Netflix (active-active, 3 regions). Three AWS regions serve live traffic behind geo-DNS. Cassandra replicates asynchronously with LOCAL_QUORUM reads. EVCache invalidates cross-region via SQS. Each region is provisioned to absorb the full load of a failed peer. Chaos Kong drills validate this assumption regularly. During the December 2021 us-east-1 outage, Netflix remained functional by evacuating traffic to the surviving regions^[6:5].

Shopify (regional pinning, 100+ pods). 489M edge RPM at BFCM 2025. Per-pod failover in ~1 minute. Ghostferry migrates shops between pods with seconds of downtime. No cross-pod writes, ever. The architecture was born from a pattern where a single shared Redis could crash and take down every shop, catalyzing full per-pod isolation^[11:2].

AWS us-east-1 (December 7, 2021). An automated scale-up triggered a surge that overwhelmed internal-to-main networking devices. The regional control plane (EC2 launch, STS, Route 53 API, monitoring) was impaired for 8 hours. Running EC2 instances and DynamoDB data plane stayed up, but any team that needed to launch capacity, rotate credentials, or read monitoring was blind^[9:2]. The lesson: multi-AZ protects against zone failures, not regional control-plane failures.

Common Mistakes#

Warning

Confusing multi-AZ with multi-region. Multi-AZ survives a data-center power failure. It does not survive a regional control-plane outage. The 2021 us-east-1 event proved this: EC2 instances ran fine, but teams could not launch new ones, rotate credentials, or see their dashboards for 8 hours^[9:3].

Warning

Control-plane dependency on the failing region. Your failover plan calls Route 53 API to cut DNS. Route 53 API lives in the failing region. You are stuck. Pre-provision capacity in DR, use data-plane failover primitives (Route 53 ARC), and store runbooks out-of-region^[5:1].

Warning

Treating "active-passive" as done after setup. If you have not failed over in the last quarter, your DR region is stale. Netflix runs Chaos Kong drills on a schedule because latent bugs in rarely-exercised paths bite exactly when you need them^[6:6].

Warning

Cross-region transfer cost surprise. AWS charges $0.02/GB for cross-region transfer. Replicating a 5 TB database at 10 MB/s change rate costs ~$520/month in transfer alone. Budget 10-20% of total spend for inter-region traffic in a replicating architecture^[1:3].

Decision Checklist#

What is your contractual RTO and RPO, not the aspirational one?
Where are your users geographically, and what is the p99 latency SLO?
Do data-residency regulations (GDPR, PDPA) force multi-region, or does a single in-jurisdiction region suffice?
Can you afford 2-3x infrastructure cost plus 10-20% of spend in cross-region transfer?
Can regional pinning give you multi-region availability without conflict-resolution complexity?
When did you last actually fail over to your DR region? If the answer is "never," you are not ready.

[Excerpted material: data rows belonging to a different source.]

(* Let $(b,c)$ be a connected graph over a countable set $X$, $G$ a nilpotent group acting cocompactly on $X$ with $H_{b,c}$ $G$-invariant, and $x_0\in X$. Let $R$ be a normal subgroup of $G$ and $Q(R)=\pi^{-1}(Z(G/R))$ with $\pi:G\to G/R$ the projection. Then for every $q\in Q(R)$ which is a commutator in $G$ (i.e. $q=[g,l]$ for some $g,l\in G$) and every harmonic $f\in\mathcal{K}^R$ we have $T_qf=f$.
   Context: A graph over $X$ is $(b,c)$ with $b:X\times X\to[0,\infty)$, $c:X\to\mathbb{R}$, $\sum_yb(x,y)<\infty$ ($b$ need not be symmetric); connected: any two points are joined by a finite sequence $y_1,\dots,y_n$ with $b(y_i,y_{i+1})>0$. $H_{b,c}f(x)=\sum_yb(x,y)(f(x)-f(y))+c(x)f(x)$ on $\mathrm{Dom}(H)=\{f:\sum_yb(x,y)|f(y)|<\infty\ \forall x\}$; harmonic: $Hf=0$; $\mathcal{H}^+$: nonnegative nonzero harmonic functions. $T_gf(x)=f(g^{-1}x)$; cocompact: $GV=X$ for some finite $V$; $H$ is $G$-invariant if $T_g$ preserves $\mathrm{Dom}(H)$ and $HT_g=T_gH$. $\mathcal{K}$ is the closure in $C(X)$ (product topology) of $\{f\in\mathcal{H}^+:f(x_0)=1\}$ and $\mathcal{K}^R=\{f\in\mathcal{K}:T_rf=f\ \forall r\in R\}$. *)

theory Defs
  imports "HOL-Analysis.Analysis" "HOL-Algebra.Group_Action" "HOL-Algebra.Generated_Groups"
begin

(* The vertex set X is represented by a type 'a (X = UNIV); real functions on X are 'a \<Rightarrow> real,
   carrying the product topology (instance from HOL-Analysis.Function_Topology). *)

definition graph :: "('a \<Rightarrow> 'a \<Rightarrow> real) \<Rightarrow> bool" where
  "graph b \<longleftrightarrow> (\<forall>x y. 0 \<le> b x y) \<and> (\<forall>x. b x summable_on UNIV)"

definition graph_connected :: "('a \<Rightarrow> 'a \<Rightarrow> real) \<Rightarrow> bool" where
  "graph_connected b \<longleftrightarrow> (\<forall>x y. (\<lambda>u v. b u v > 0)\<^sup>*\<^sup>* x y)"

definition dom_H :: "('a \<Rightarrow> 'a \<Rightarrow> real) \<Rightarrow> ('a \<Rightarrow> real) set" where
  "dom_H b = {f. \<forall>x. (\<lambda>y. b x y * \<bar>f y\<bar>) summable_on UNIV}"

definition H_op :: "('a \<Rightarrow> 'a \<Rightarrow> real) \<Rightarrow> ('a \<Rightarrow> real) \<Rightarrow> ('a \<Rightarrow> real) \<Rightarrow> 'a \<Rightarrow> real" where
  "H_op b c f x = (\<Sum>\<^sub>\<infinity>y. b x y * (f x - f y)) + c x * f x"

definition harmonic :: "('a \<Rightarrow> 'a \<Rightarrow> real) \<Rightarrow> ('a \<Rightarrow> real) \<Rightarrow> ('a \<Rightarrow> real) \<Rightarrow> bool" where
  "harmonic b c f \<longleftrightarrow> f \<in> dom_H b \<and> H_op b c f = (\<lambda>_. 0)"

definition Hplus :: "('a \<Rightarrow> 'a \<Rightarrow> real) \<Rightarrow> ('a \<Rightarrow> real) \<Rightarrow> ('a \<Rightarrow> real) set" where
  "Hplus b c = {f. harmonic b c f \<and> (\<forall>x. 0 \<le> f x) \<and> f \<noteq> (\<lambda>_. 0)}"

definition Kset :: "('a \<Rightarrow> 'a \<Rightarrow> real) \<Rightarrow> ('a \<Rightarrow> real) \<Rightarrow> 'a \<Rightarrow> ('a \<Rightarrow> real) set" where
  "Kset b c x0 = closure {f \<in> Hplus b c. f x0 = 1}"

definition Tact :: "('g, 'm) monoid_scheme \<Rightarrow> ('g \<Rightarrow> 'a \<Rightarrow> 'a) \<Rightarrow> 'g \<Rightarrow> ('a \<Rightarrow> real) \<Rightarrow> 'a \<Rightarrow> real" where
  "Tact G \<phi> g f = (\<lambda>x. f (\<phi> (inv\<^bsub>G\<^esub> g) x))"

definition KsetR :: "('g, 'm) monoid_scheme \<Rightarrow> ('g \<Rightarrow> 'a \<Rightarrow> 'a) \<Rightarrow> ('a \<Rightarrow> 'a \<Rightarrow> real) \<Rightarrow> ('a \<Rightarrow> real)
    \<Rightarrow> 'a \<Rightarrow> 'g set \<Rightarrow> ('a \<Rightarrow> real) set" where
  "KsetR G \<phi> b c x0 R = {f \<in> Kset b c x0. \<forall>r\<in>R. Tact G \<phi> r f = f}"

definition cocompact :: "('g, 'm) monoid_scheme \<Rightarrow> ('g \<Rightarrow> 'a \<Rightarrow> 'a) \<Rightarrow> bool" where
  "cocompact G \<phi> \<longleftrightarrow> (\<exists>V. finite V \<and> (\<Union>g\<in>carrier G. \<phi> g ` V) = UNIV)"

definition H_invariant :: "('g, 'm) monoid_scheme \<Rightarrow> ('g \<Rightarrow> 'a \<Rightarrow> 'a) \<Rightarrow> ('a \<Rightarrow> 'a \<Rightarrow> real) \<Rightarrow> ('a \<Rightarrow> real) \<Rightarrow> bool" where
  "H_invariant G \<phi> b c \<longleftrightarrow> (\<forall>g\<in>carrier G. \<forall>f\<in>dom_H b.
      Tact G \<phi> g f \<in> dom_H b \<and> H_op b c (Tact G \<phi> g f) = Tact G \<phi> g (H_op b c f))"

definition commutator :: "('g, 'm) monoid_scheme \<Rightarrow> 'g \<Rightarrow> 'g \<Rightarrow> 'g" where
  "commutator G g l = g \<otimes>\<^bsub>G\<^esub> l \<otimes>\<^bsub>G\<^esub> inv\<^bsub>G\<^esub> g \<otimes>\<^bsub>G\<^esub> inv\<^bsub>G\<^esub> l"

fun lower_central :: "('g, 'm) monoid_scheme \<Rightarrow> nat \<Rightarrow> 'g set" where
  "lower_central G 0 = carrier G"
| "lower_central G (Suc n) =
     generate G {commutator G h g | h g. h \<in> lower_central G n \<and> g \<in> carrier G}"

definition nilpotent_group :: "('g, 'm) monoid_scheme \<Rightarrow> bool" where
  "nilpotent_group G \<longleftrightarrow> group G \<and> (\<exists>n. lower_central G n = {\<one>\<^bsub>G\<^esub>})"

definition group_center :: "('g, 'm) monoid_scheme \<Rightarrow> 'g set" where
  "group_center G = {z \<in> carrier G. \<forall>x\<in>carrier G. z \<otimes>\<^bsub>G\<^esub> x = x \<otimes>\<^bsub>G\<^esub> z}"

definition Qset :: "('g, 'm) monoid_scheme \<Rightarrow> 'g set \<Rightarrow> 'g set" where
  "Qset G R = {q \<in> carrier G. R #>\<^bsub>G\<^esub> q \<in> group_center (G Mod R)}"

end

(*
  Let t = [g, l] lie in Q(R) and let f be positive, harmonic and R-invariant. As t is central
  modulo R, f (t u y) = f (u t y); together with cocompactness and the Harnack inequality this
  bounds f (t y) / f y by some finite supremum \<beta>. Suppose \<beta> > 1 and fix 1 < \<gamma> < \<beta>. The defect
  \<beta> f - f (t \<cdot>) is again a nonnegative harmonic function; it is small compared with f at a point
  where the ratio is nearly \<beta>, and by Harnack it stays small along m further t-steps, so f grows
  by the factor \<gamma> at each of them: f (u t^m v) \<ge> \<gamma>^m f (u v). But [g^n, l^n] = r t^(n^2) with
  r \<in> R is a word of length 4n, along which Harnack only allows growth K^n; for n large this
  contradicts \<gamma>^(n^2). Hence f (t x) \<le> f x, and applying this to t^-1 = [l, g] gives equality.
*)

theory Submission
  imports Defs
begin

section \<open>Nonnegative harmonic functions and the Harnack inequality\<close>

definition nonneg_harmonic :: "('a \<Rightarrow> 'a \<Rightarrow> real) \<Rightarrow> ('a \<Rightarrow> real) \<Rightarrow> ('a \<Rightarrow> real) set" where
  "nonneg_harmonic b c = {F. harmonic b c F \<and> (\<forall>x. 0 \<le> F x)}"

lemma infsum_diff:
  fixes f g :: "'a \<Rightarrow> 'b::{topological_ab_group_add, t2_space}"
  assumes "f summable_on A" and "g summable_on A"
  shows "infsum (\<lambda>x. f x - g x) A = infsum f A - infsum g A"
proof -
  have "(\<lambda>x. - g x) summable_on A" using assms(2) by (simp add: summable_on_uminus)
  from infsum_add[OF assms(1) this] show ?thesis by (simp add: infsum_uminus)
qed

lemma dom_H_summable:
  assumes "graph b" and "F \<in> dom_H b"
  shows "(\<lambda>y. b x y * F y) summable_on UNIV"
proof (rule abs_summable_summable)
  have "norm (b x y * F y) = b x y * \<bar>F y\<bar>" for y
    using assms(1) by (simp add: graph_def abs_mult)
  then show "(\<lambda>y. norm (b x y * F y)) summable_on UNIV"
    using assms(2) by (simp add: dom_H_def)
qed

lemma H_op_expand:
  assumes "graph b" and "F \<in> dom_H b"
  shows "H_op b c F x = ((\<Sum>\<^sub>\<infinity>y. b x y) + c x) * F x - (\<Sum>\<^sub>\<infinity>y. b x y * F y)"
proof -
  have "(\<lambda>y. b x y * F x) summable_on UNIV"
    using assms(1) by (intro summable_on_cmult_left) (simp add: graph_def)
  then have "(\<Sum>\<^sub>\<infinity>y. b x y * F x - b x y * F y) = (\<Sum>\<^sub>\<infinity>y. b x y) * F x - (\<Sum>\<^sub>\<infinity>y. b x y * F y)"
    by (simp add: infsum_diff dom_H_summable[OF assms] infsum_cmult_left')
  then show ?thesis
    unfolding H_op_def by (simp add: right_diff_distrib distrib_right)
qed

lemma dom_H_lincomb:
  assumes "graph b" and "F \<in> dom_H b" and "F' \<in> dom_H b"
  shows "(\<lambda>y. a * F y - F' y) \<in> dom_H b"
  unfolding dom_H_def
proof safe
  fix x
  have "(\<lambda>y. \<bar>a\<bar> * (b x y * \<bar>F y\<bar>) + b x y * \<bar>F' y\<bar>) summable_on UNIV"
    using assms(2,3) by (intro summable_on_add summable_on_cmult_right) (auto simp: dom_H_def)
  then show "(\<lambda>y. b x y * \<bar>a * F y - F' y\<bar>) summable_on UNIV"
  proof (rule summable_on_comparison_test)
    fix y
    have b: "0 \<le> b x y" using assms(1) by (simp add: graph_def)
    have "b x y * \<bar>a * F y - F' y\<bar> \<le> b x y * (\<bar>a\<bar> * \<bar>F y\<bar> + \<bar>F' y\<bar>)"
      by (rule mult_left_mono[OF _ b]) (metis abs_mult abs_triangle_ineq4)
    then show "b x y * \<bar>a * F y - F' y\<bar> \<le> \<bar>a\<bar> * (b x y * \<bar>F y\<bar>) + b x y * \<bar>F' y\<bar>"
      by (simp add: algebra_simps)
    show "0 \<le> b x y * \<bar>a * F y - F' y\<bar>" using b by simp
  qed
qed

lemma H_op_lincomb:
  assumes "graph b" and "F \<in> dom_H b" and "F' \<in> dom_H b"
  shows "H_op b c (\<lambda>y. a * F y - F' y) x = a * H_op b c F x - H_op b c F' x"
proof -
  have "(\<Sum>\<^sub>\<infinity>y. b x y * (a * F y - F' y)) = (\<Sum>\<^sub>\<infinity>y. a * (b x y * F y) - b x y * F' y)"
    by (simp add: algebra_simps)
  also have "\<dots> = a * (\<Sum>\<^sub>\<infinity>y. b x y * F y) - (\<Sum>\<^sub>\<infinity>y. b x y * F' y)"
    using dom_H_summable[OF assms(1,2)] dom_H_summable[OF assms(1,3)]
    by (simp add: infsum_diff summable_on_cmult_right infsum_cmult_right')
  finally show ?thesis
    unfolding H_op_expand[OF assms(1) dom_H_lincomb[OF assms]] H_op_expand[OF assms(1,2)]
      H_op_expand[OF assms(1,3)]
    by (simp add: algebra_simps)
qed

lemma harmonic_lincomb:
  assumes "graph b" and "harmonic b c F" and "harmonic b c F'"
  shows "harmonic b c (\<lambda>y. a * F y - F' y)"
  using assms by (simp add: harmonic_def dom_H_lincomb H_op_lincomb fun_eq_iff)

lemma nonneg_harmonic_edge_bound:
  assumes "graph b" and "0 < b x z"
  shows "\<exists>C\<ge>0. \<forall>F\<in>nonneg_harmonic b c. F z \<le> C * F x"
proof -
  define C where "C = max 0 (((\<Sum>\<^sub>\<infinity>y. b x y) + c x) / b x z)"
  have "F z \<le> C * F x" if "F \<in> nonneg_harmonic b c" for F
  proof -
    have dom: "F \<in> dom_H b" and harm: "H_op b c F x = 0" and nonneg: "\<And>y. 0 \<le> F y"
      using that by (auto simp: nonneg_harmonic_def harmonic_def)
    have "b x z * F z = (\<Sum>\<^sub>\<infinity>y\<in>{z}. b x y * F y)" by simp
    also have "\<dots> \<le> (\<Sum>\<^sub>\<infinity>y. b x y * F y)"
      by (rule infsum_mono_neutral) (use dom_H_summable[OF assms(1) dom] assms(1) nonneg in \<open>auto simp: graph_def\<close>)
    also have "\<dots> = ((\<Sum>\<^sub>\<infinity>y. b x y) + c x) * F x"
      using H_op_expand[OF assms(1) dom, of c x] harm by simp
    finally have "F z \<le> ((\<Sum>\<^sub>\<infinity>y. b x y) + c x) / b x z * F x"
      using assms(2) by (simp add: field_simps)
    also have "\<dots> \<le> C * F x"
      unfolding C_def using nonneg by (intro mult_right_mono) auto
    finally show ?thesis .
  qed
  moreover have "0 \<le> C" by (simp add: C_def)
  ultimately show ?thesis by blast
qed

lemma harnack_inequality:
  assumes "graph b" and "graph_connected b"
  shows "\<exists>C\<ge>0. \<forall>F\<in>nonneg_harmonic b c. F y \<le> C * F x"
proof -
  have "(\<lambda>u v. 0 < b u v)\<^sup>*\<^sup>* x y" using assms(2) by (simp add: graph_connected_def)
  then show ?thesis
  proof (induction rule: rtranclp_induct)
    case base
    show ?case by (intro exI[of _ 1]) simp
  next
    case (step y z)
    obtain C where "C \<ge> 0" and C: "\<forall>F\<in>nonneg_harmonic b c. F y \<le> C * F x"
      using step.IH by blast
    have "0 < b y z" using step.hyps(2) by simp
    then obtain D where "D \<ge> 0" and D: "\<forall>F\<in>nonneg_harmonic b c. F z \<le> D * F y"
      using nonneg_harmonic_edge_bound[OF assms(1)] by blast
    have "F z \<le> (D * C) * F x" if "F \<in> nonneg_harmonic b c" for F
    proof -
      have "F z \<le> D * F y" using D that by blast
      also have "\<dots> \<le> D * (C * F x)" using C that \<open>D \<ge> 0\<close> by (intro mult_left_mono) auto
      finally show ?thesis by (simp add: mult.assoc)
    qed
    with \<open>C \<ge> 0\<close> \<open>D \<ge> 0\<close> show ?case by (intro exI[of _ "D * C"]) auto
  qed
qed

Decision flowchart: start from single-region as the default and justify each step up. Most teams land on active-passive or regional pinning, not full active-active.

Key Takeaways#

Single-region multi-AZ is the correct default. It gives strong consistency, low latency, and one deployment pipeline. Justify every step beyond it.
Multi-region is the most expensive architectural choice: 2-3x compute, $0.02/GB cross-region transfer, and mandatory conflict resolution or consensus latency.
Regional pinning (Shopify pods, Cloudflare Durable Objects) is the dominant real-world middle ground: multi-region availability with single-leader consistency per user.
The December 2021 us-east-1 outage is the canonical threat model. Multi-AZ did not help; regional control-plane failure took down services for 8 hours.
If you have not failed over to your DR region in the last quarter, it will not work when you need it. Rehearse or accept the risk.

Flashcards#

Q: What is the inter-region round-trip latency between us-east-1 and eu-west-1?

A: Approximately 68 ms on the AWS backbone. This is the minimum additional latency for any cross-region synchronous write.

Q: What percentage of AWS spend does cross-region transfer typically consume in a replicating architecture?

A: 10-20% of total AWS spend per industry analysis. At $0.02/GB, replicating even moderate databases adds hundreds of dollars monthly in transfer alone.

Q: Why did multi-AZ not help during the December 2021 us-east-1 outage?

A: The failure was in the regional control plane (EC2 launch API, STS, Route 53 API, monitoring), which is shared across all AZs in a region. Running instances stayed up, but teams could not launch, authenticate, or observe.

Q: What is regional pinning and why is it the dominant production pattern?

A: Each user is deterministically assigned to a home region; all their writes happen locally. It gives multi-region availability with single-leader consistency per user, avoiding conflict resolution entirely. Shopify and Stripe use variants of this.

Q: What is the RPO difference between DynamoDB MREC and MRSC?

A: MREC (async, default) has RPO of seconds to minutes because replication is asynchronous with last-writer-wins conflict resolution. MRSC (sync, GA June 2025) has RPO of zero because it uses three-region consensus.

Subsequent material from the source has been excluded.